DATASET EXTRACT —
(* Let $m\ge1$ and let $W$ be a B-DMC. For $n\ge1$ let $E[J_n]=\frac{1}{N(n)}\sum_{\mathbf s\in\mathcal S_n}J(W_{\mathbf s})$, and for $n\le0$ let $E[J_n]=J(W)$. Then for every $n\ge1$, with $\mu=N(n-1)/N(n)$ (so $1-\mu=N(n-m)/N(n)$), $$E[J_n]\ \ge\ \mu\,E[J_{n-1}]+(1-\mu)\,E[J_{n-m}],$$ and equality holds only if, for every $\mathbf s=(s_1,\dots,s_n)\in\mathcal S_n$ with $s_n\in\{+,-\}$, one has $J(W_{(s_1,\dots,s_{n-1})})\in\{0,1\}$ or $J(W_{(s_1,\dots,s_{n-m})})\in\{0,1\}$ (where $(s_1,\dots,s_{n-m})$ is the empty string if $n\le m$).
   Context: Fix an integer $m\ge1$. Define integers $N(n)$ by $N(n)=1$ for $1-m\le n\le 0$ and $N(n)=N(n-1)+N(n-m)$ for $n\ge1$; write $\mathbb N_n=\{1,\dots,N(n)\}$ (so $\mathbb N_n=\{1\}$ for $n\le 0$, and $\mathbb N_{n-m}\subseteq\mathbb N_{n-1}$). Define vectors $\mathbf s_n^{(i)}\in\{+,-,\bigstar\}^n$ for $n\ge0$, $i\in\mathbb N_n$, recursively: $\mathbf s_0^{(1)}$ is the empty vector, and for $n\ge1$: $\mathbf s_n^{(j)}=(\mathbf s_{n-1}^{(j)},+)$ and $\mathbf s_n^{(j+N(n-1))}=(\mathbf s_{n-1}^{(j)},-)$ for $j\in\mathbb N_{n-m}$, while $\mathbf s_n^{(j)}=(\mathbf s_{n-1}^{(j)},\bigstar)$ for $j\in\mathbb N_{n-1}\setminus\mathbb N_{n-m}$. Let $\mathcal S_n=\{\mathbf s_n^{(i)}:i\in\mathbb N_n\}$ for $n\ge1$. A B-DMC $V$ is a channel with input alphabet $\{0,1\}$, a finite output alphabet $\mathcal Y$ and transition probabilities $V(y|x)$. With base-2 logarithms and uniform input: $I(V)=\sum_{y}\sum_{x}\frac12V(y|x)\log\frac{V(y|x)}{\frac12V(y|0)+\frac12V(y|1)}$, $Z(V)=\sum_y\sqrt{V(y|0)V(y|1)}$, $J(V)=\log\frac{2}{1+Z(V)}$. For B-DMCs $V':\{0,1\}\to\mathcal Y_1$ and $V'':\{0,1\}\to\mathcal Y_2$ define $V'\boxminus V'':\{0,1\}\to\mathcal Y_1\times\mathcal Y_2$ by $(V'\boxminus V'')(y_1,y_2|x_1)=\sum_{x_2\in\{0,1\}}\frac12V'(y_1|x_1\oplus x_2)V''(y_2|x_2)$, and $V'\boxplus V'':\{0,1\}\to\mathcal Y_1\times\mathcal Y_2\times\{0,1\}$ by $(V'\boxplus V'')(y_1,y_2,x_1|x_2)=\frac12V'(y_1|x_1\oplus x_2)V''(y_2|x_2)$. Fix a B-DMC $W$. For every finite string $\mathbf t=(t_1,\dots,t_n)\in\{+,-,\bigstar\}^n$, $n\ge0$, define a B-DMC $W_{\mathbf t}$ recursively: $W_{\emptyset}=W$ for the empty string; for $n\ge1$ let $\mathbf t'=(t_1,\dots,t_{n-1})$ and $\mathbf t''=(t_1,\dots,t_{n-m})$ (the empty string if $n\le m$); then $W_{\mathbf t}=W_{\mathbf t''}\boxplus W_{\mathbf t'}$ if $t_n=+$, $W_{\mathbf t}=W_{\mathbf t''}\boxminus W_{\mathbf t'}$ if $t_n=-$, and $W_{\mathbf t}=W_{\mathbf t'}$ if $t_n=\bigstar$. *)

theory Defs
  imports Complex_Main
begin

text \<open>Nnat m k = N(k) for k >= 0 (N(0)=1; N(n)=1 for n <= 0).  The guard m = 0 only
  serves termination; the theorem assumes m >= 1.\<close>
fun Nnat :: "nat \<Rightarrow> nat \<Rightarrow> nat" where
  "Nnat m 0 = 1"
| "Nnat m (Suc k) = Nnat m k + (if Suc k \<le> m \<or> m = 0 then 1 else Nnat m (Suc k - m))"

definition NN :: "nat \<Rightarrow> int \<Rightarrow> nat" where
  "NN m n = (if n \<le> 0 then 1 else Nnat m (nat n))"

datatype sym = Plus | Minus | Star

text \<open>svec m n i = s_n^(i), as a list of length n.\<close>
fun svec :: "nat \<Rightarrow> nat \<Rightarrow> nat \<Rightarrow> sym list" where
  "svec m 0 i = []"
| "svec m (Suc k) i =
     (if i \<le> NN m (int k) then
        (if i \<le> NN m (int (Suc k) - int m) then svec m k i @ [Plus] else svec m k i @ [Star])
      else svec m k (i - NN m (int k)) @ [Minus])"

definition Sset :: "nat \<Rightarrow> nat \<Rightarrow> sym list set" where
  "Sset m n = {svec m n i | i. i \<in> {1..NN m (int n)}}"
section \<open>Congruence subgroups\<close>

definition padic_mat_cong :: "nat \<Rightarrow> nat \<Rightarrow> padic_matrix \<Rightarrow> padic_matrix \<Rightarrow> bool" where
  "padic_mat_cong d n A B \<longleftrightarrow> (\<forall>i<d. \<forall>j<d. A i j n = B i j n)"

lemma padic_mat_cong_mult:
  "padic_mat_cong d n A A' \<Longrightarrow> padic_mat_cong d n B B' \<Longrightarrow>
    padic_mat_cong d n (padic_mat_mult d p A B) (padic_mat_mult d p A' B')"
  by (simp add: padic_mat_cong_def padic_mat_mult_entry)

lemma padic_mat_cong_refl [simp]: "padic_mat_cong d n A A"
  by (simp add: padic_mat_cong_def)

lemma padic_mat_cong_mono:
  assumes A: "A \<in> padic_mat d p" and B: "B \<in> padic_mat d p"
    and "k \<le> n" and "padic_mat_cong d n A B"
  shows "padic_mat_cong d k A B"
  unfolding padic_mat_cong_def
proof (intro allI impI)
  fix i j assume ij: "i < d" "j < d"
  have "A i j \<in> padic_int p" "B i j \<in> padic_int p"
    using A B ij unfolding padic_mat_def by blast+
  then have "A i j k = A i j n mod int p ^ k" "B i j k = B i j n mod int p ^ k"
    using \<open>k \<le> n\<close> by (simp_all add: padic_int_level_mod)
  then show "A i j k = B i j k"
    using assms(4) ij by (simp add: padic_mat_cong_def)
qed

lemma padic_mat_eq_iff_cong:
  assumes "A \<in> padic_mat d p" "B \<in> padic_mat d p"
  shows "A = B \<longleftrightarrow> (\<forall>n. padic_mat_cong d n A B)"
  using padic_mat_eqI[OF assms] by (auto simp: padic_mat_cong_def)

lemma CS_iff_cong_one:
  "A \<in> CS k d p \<longleftrightarrow> A \<in> padic_mat d p \<and> padic_mat_cong d k A (padic_mat_one d p)"
  unfolding CS_def padic_mat_cong_def by blast

lemma CS_subset_padic_mat: "CS k d p \<subseteq> padic_mat d p"
  unfolding CS_def by blast

lemma CS_antimono:
  assumes "0 < p" and "k \<le> m"
  shows "CS m d p \<subseteq> CS k d p"
proof
  fix A assume "A \<in> CS m d p"
  then show "A \<in> CS k d p"
    using assms padic_mat_cong_mono[OF _ padic_mat_one_closed] unfolding CS_iff_cong_one by blast
qed

lemma padic_mat_one_in_CS: "0 < p \<Longrightarrow> padic_mat_one d p \<in> CS k d p"
  unfolding CS_iff_cong_one padic_mat_cong_def by (simp add: padic_mat_one_closed)

lemma CS_mult_closed:
  assumes p: "0 < p" and A: "A \<in> CS k d p" and B: "B \<in> CS k d p"
  shows "padic_mat_mult d p A B \<in> CS k d p"
proof -
  have "padic_mat_cong d k (padic_mat_mult d p A B)
      (padic_mat_mult d p (padic_mat_one d p) (padic_mat_one d p))"
    using A B unfolding CS_iff_cong_one by (intro padic_mat_cong_mult) auto
  then show ?thesis
    using A B p unfolding CS_iff_cong_one
    by (simp add: padic_mat_mult_closed padic_mat_mult_one_left padic_mat_one_closed)
qed
(* For every pure three-qubit state $|\phi_{ABC}\rangle$, $$S^{\max}_{total}(|\phi_{ABC}\rangle)+3\,E_W(|\phi_{ABC}\rangle)\le\frac{10}{3},$$ where $S^{\max}_{total}=\max\{S_{AB}+S_{AC},\,S_{AB}+S_{BC},\,S_{AC}+S_{BC}\}$ and $E_W=\min\{\mathcal C_{AB}^2,\mathcal C_{AC}^2,\mathcal C_{BC}^2\}$.
   Context: For a two-qubit state $\rho$ let $t_{kl}=\mathrm{Tr}[\rho\,\sigma_k\otimes\sigma_l]$ ($\sigma_k$ Pauli matrices) and $S(\rho)=\sum_{k,l=1}^3 t_{kl}^2$; $\rho_{ij}$ are the two-qubit reduced states of $|\phi_{ABC}\rangle$ and $S_{ij}=S(\rho_{ij})$. $\mathcal C_{ij}$ is the Wootters concurrence of $\rho_{ij}$: $\mathcal C(\rho)=\max\{0,\lambda_1-\lambda_2-\lambda_3-\lambda_4\}$, with $\lambda_1\ge\dots\ge\lambda_4$ the square roots of the eigenvalues of $\rho(\sigma_2\otimes\sigma_2)\rho^*(\sigma_2\otimes\sigma_2)$. *)

theory Defs
  imports "Jordan_Normal_Form.Char_Poly" "HOL-Library.Multiset"
begin

text \<open>Three-qubit pure states are unit vectors in C^8, basis index 4*a + 2*b + c
  for qubit values a (A), b (B), c (C). Two-qubit states are 4x4 complex matrices
  with basis index 2*x + y (first listed qubit is x).\<close>

definition is_pure_3qubit :: "complex vec \<Rightarrow> bool" where
  "is_pure_3qubit psi \<longleftrightarrow> dim_vec psi = 8 \<and> (\<Sum>i<8. (cmod (psi $ i))^2) = 1"

definition density :: "complex vec \<Rightarrow> complex mat" where
  "density psi = mat (dim_vec psi) (dim_vec psi) (\<lambda>(i,j). psi $ i * cnj (psi $ j))"

definition ptrace_C :: "complex mat \<Rightarrow> complex mat" where
  "ptrace_C R = mat 4 4 (\<lambda>(i,j). \<Sum>c<2. R $$ (4*(i div 2) + 2*(i mod 2) + c, 4*(j div 2) + 2*(j mod 2) + c))"

definition ptrace_B :: "complex mat \<Rightarrow> complex mat" where
  "ptrace_B R = mat 4 4 (\<lambda>(i,j). \<Sum>b<2. R $$ (4*(i div 2) + 2*b + i mod 2, 4*(j div 2) + 2*b + j mod 2))"

definition ptrace_A :: "complex mat \<Rightarrow> complex mat" where
  "ptrace_A R = mat 4 4 (\<lambda>(i,j). \<Sum>a<2. R $$ (4*a + i, 4*a + j))"

definition rhoAB :: "complex vec \<Rightarrow> complex mat" where "rhoAB psi = ptrace_C (density psi)"
definition rhoAC :: "complex vec \<Rightarrow> complex mat" where "rhoAC psi = ptrace_B (density psi)"
definition rhoBC :: "complex vec \<Rightarrow> complex mat" where "rhoBC psi = ptrace_A (density psi)"

definition pauli :: "nat \<Rightarrow> complex mat" where
  "pauli k = (if k = 1 then mat_of_rows_list 2 [[0, 1], [1, 0]]
     else if k = 2 then mat_of_rows_list 2 [[0, -\<i>], [\<i>, 0]]
     else if k = 3 then mat_of_rows_list 2 [[1, 0], [0, -1]]
     else 1\<^sub>m 2)"

definition kron2 :: "complex mat \<Rightarrow> complex mat \<Rightarrow> complex mat" where
  "kron2 A B = mat 4 4 (\<lambda>(i,j). A $$ (i div 2, j div 2) * B $$ (i mod 2, j mod 2))"

definition mtrace :: "complex mat \<Rightarrow> complex" where
  "mtrace A = (\<Sum>i<dim_row A. A $$ (i,i))"

text \<open>t_kl = Tr[rho sigma_k (x) sigma_l]; real for Hermitian rho, so we take the real part.\<close>
definition corr_t :: "complex mat \<Rightarrow> nat \<Rightarrow> nat \<Rightarrow> real" where
  "corr_t rho k l = Re (mtrace (rho * kron2 (pauli k) (pauli l)))"

definition S_corr :: "complex mat \<Rightarrow> real" where
  "S_corr rho = (\<Sum>k\<in>{1..3}. \<Sum>l\<in>{1..3}. (corr_t rho k l)^2)"

text \<open>The eigenvalues of rho*rho_tilde (with multiplicity, as roots of
  the characteristic polynomial) are real and nonnegative; lambda_i are their square roots,
  sorted in decreasing order.\<close>
definition rho_tilde_prod :: "complex mat \<Rightarrow> complex mat" where
  "rho_tilde_prod rho = rho * kron2 (pauli 2) (pauli 2) * map_mat cnj rho * kron2 (pauli 2) (pauli 2)"

definition wootters_lambdas :: "complex mat \<Rightarrow> real list" where
  "wootters_lambdas rho = rev (sorted_list_of_multiset
      (image_mset (\<lambda>z. sqrt (Re z)) (proots (char_poly (rho_tilde_prod rho)))))"

definition concurrence :: "complex mat \<Rightarrow> real" where
  "concurrence rho = (let l = wootters_lambdas rho in max 0 (l!0 - l!1 - l!2 - l!3))"

definition S_max_total :: "complex vec \<Rightarrow> real" where
  "S_max_total psi = (let sAB = S_corr (rhoAB psi); sAC = S_corr (rhoAC psi); sBC = S_corr (rhoBC psi)
     in Max {sAB + sAC, sAB + sBC, sAC + sBC})"

definition E_W :: "complex vec \<Rightarrow> real" where
  "E_W psi = Min {(concurrence (rhoAB psi))^2, (concurrence (rhoAC psi))^2, (concurrence (rhoBC psi))^2}"

end

theory Submission
  imports Defs "Jordan_Normal_Form.Schur_Decomposition"
begin

(* For a pure state the reduced state of two qubits is rho = |v><v| + |w><w|, where v, w are
   the slices of the amplitude tensor along the traced-out qubit. Then rho rho~ has the same
   nonzero spectrum as conj(K) K, where K is the 2x2 Gram matrix of v, w for the bilinear form
   x^T (sigma_y (x) sigma_y) y, so C^2 = |K|_F^2 - 2 |det K|, and |det K| (the 3-tangle) is the
   same for all three pairs. The Bloch expansion gives S = 2 tr (rho rho~) + 2 tr rho^2 - 1 with
   tr (rho rho~) = |K|_F^2, and together with the identity 4 det rho_X = |K_XY|_F^2 + |K_XZ|_F^2
   this yields S_XY = 1 + 2 C_XY^2 - C_XZ^2 - C_YZ^2. Hence S_XY + S_XZ + 3 C_YZ^2 equals
   2 + C_AB^2 + C_AC^2 + C_BC^2, and it remains to show that the squared concurrences sum to at
   most 4/3. A unitary on qubit A leaves all terms invariant and can make the first slice
   isotropic for the bilinear form; the bound then reduces to (2P - Q)^2 >= 0 for the
   squared norms P, Q of the two slices. *)

section \<open>Characteristic polynomials\<close>

lemma char_poly_zero_mat: "char_poly (0\<^sub>m n n :: complex mat) = monom 1 n"
proof -
  have "char_poly (0\<^sub>m n n :: complex mat) = (\<Prod>a\<leftarrow>diag_mat (0\<^sub>m n n). [:- a, 1:])"
    by (rule char_poly_upper_triangular[of _ n]) (auto simp: upper_triangular_def)
  moreover have "map (\<lambda>a. [:- a, 1:]) (diag_mat (0\<^sub>m n n :: complex mat)) = map (\<lambda>_. [:0, 1:]) [0..<n]"
    unfolding diag_mat_def by (auto intro!: map_cong)
  ultimately show ?thesis
    by (simp add: map_replicate_const prod_list_replicate monom_altdef)
qed

lemma char_poly_mult_comm:
  fixes A B :: "complex mat"
  assumes A: "A \<in> carrier_mat n m" and B: "B \<in> carrier_mat m n"
  shows "char_poly (A * B) * monom 1 m = monom 1 n * char_poly (B * A)"
proof -
  \<comment> \<open>The block matrices below are conjugate under \<open>[[1, A], [0, 1]]\<close>.\<close>
  define X1 where "X1 = four_block_mat (A * B) (0\<^sub>m n m) B (0\<^sub>m m m)"
  define X2 where "X2 = four_block_mat (0\<^sub>m n n) (0\<^sub>m n m) B (B * A)"
  define P where "P = four_block_mat (1\<^sub>m n) A (0\<^sub>m m n) (1\<^sub>m m)"
  define Q where "Q = four_block_mat (1\<^sub>m n) (- A) (0\<^sub>m m n) (1\<^sub>m m)"
  have AB: "A * B \<in> carrier_mat n n" and BA: "B * A \<in> carrier_mat m m" using A B by auto
  have split: "\<exists>es. char_poly C = (\<Prod>a\<leftarrow>es. [:- a, 1:])" if "C \<in> carrier_mat k k" for C :: "complex mat" and k
    using char_poly_factorized[OF that] by blast
  have cp1: "char_poly X1 = char_poly (A * B) * char_poly (0\<^sub>m m m :: complex mat)"
    unfolding X1_def by (rule char_poly_0_block'[OF refl split[OF AB] split[OF zero_carrier_mat] AB B]) auto
  have cp2: "char_poly X2 = char_poly (0\<^sub>m n n :: complex mat) * char_poly (B * A)"
    unfolding X2_def by (rule char_poly_0_block'[OF refl split[OF zero_carrier_mat] split[OF BA] _ B BA]) auto
  have "P * Q = 1\<^sub>m (n + m)" unfolding P_def Q_def
    by (subst mult_four_block_mat[OF one_carrier_mat A zero_carrier_mat one_carrier_mat])
       (use A in \<open>auto simp flip: four_block_one_mat\<close>)
  moreover have "Q * P = 1\<^sub>m (n + m)" unfolding P_def Q_def
    by (subst mult_four_block_mat[OF one_carrier_mat uminus_carrier_mat[OF A] zero_carrier_mat one_carrier_mat])
       (use A in \<open>auto simp flip: four_block_one_mat\<close>)
  moreover have "X1 = P * X2 * Q"
  proof -
    have "P * X2 = four_block_mat (A * B) (A * (B * A)) B (B * A)" unfolding P_def X2_def
      by (subst mult_four_block_mat[OF one_carrier_mat A zero_carrier_mat one_carrier_mat]) (use A B in auto)
    also have "\<dots> * Q = X1" unfolding Q_def X1_def
      by (subst mult_four_block_mat[OF AB _ B BA]) (use A B in auto)
    finally show ?thesis by simp
  qed
  moreover have "{X1, X2, P, Q} \<subseteq> carrier_mat (n + m) (n + m)"
    using A B by (auto simp: X1_def X2_def P_def Q_def)
  ultimately have "similar_mat X1 X2" by (intro similar_matI) auto
  from char_poly_similar[OF this] cp1 cp2 show ?thesis by (simp add: char_poly_zero_mat mult.commute)
qed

AIM OF THE EXERCISE —
Pull out each line of the listing that holds the string "section".

YOUR RESPONSE —
section \<open>Congruence subgroups\<close>
section \<open>Characteristic polynomials\<close>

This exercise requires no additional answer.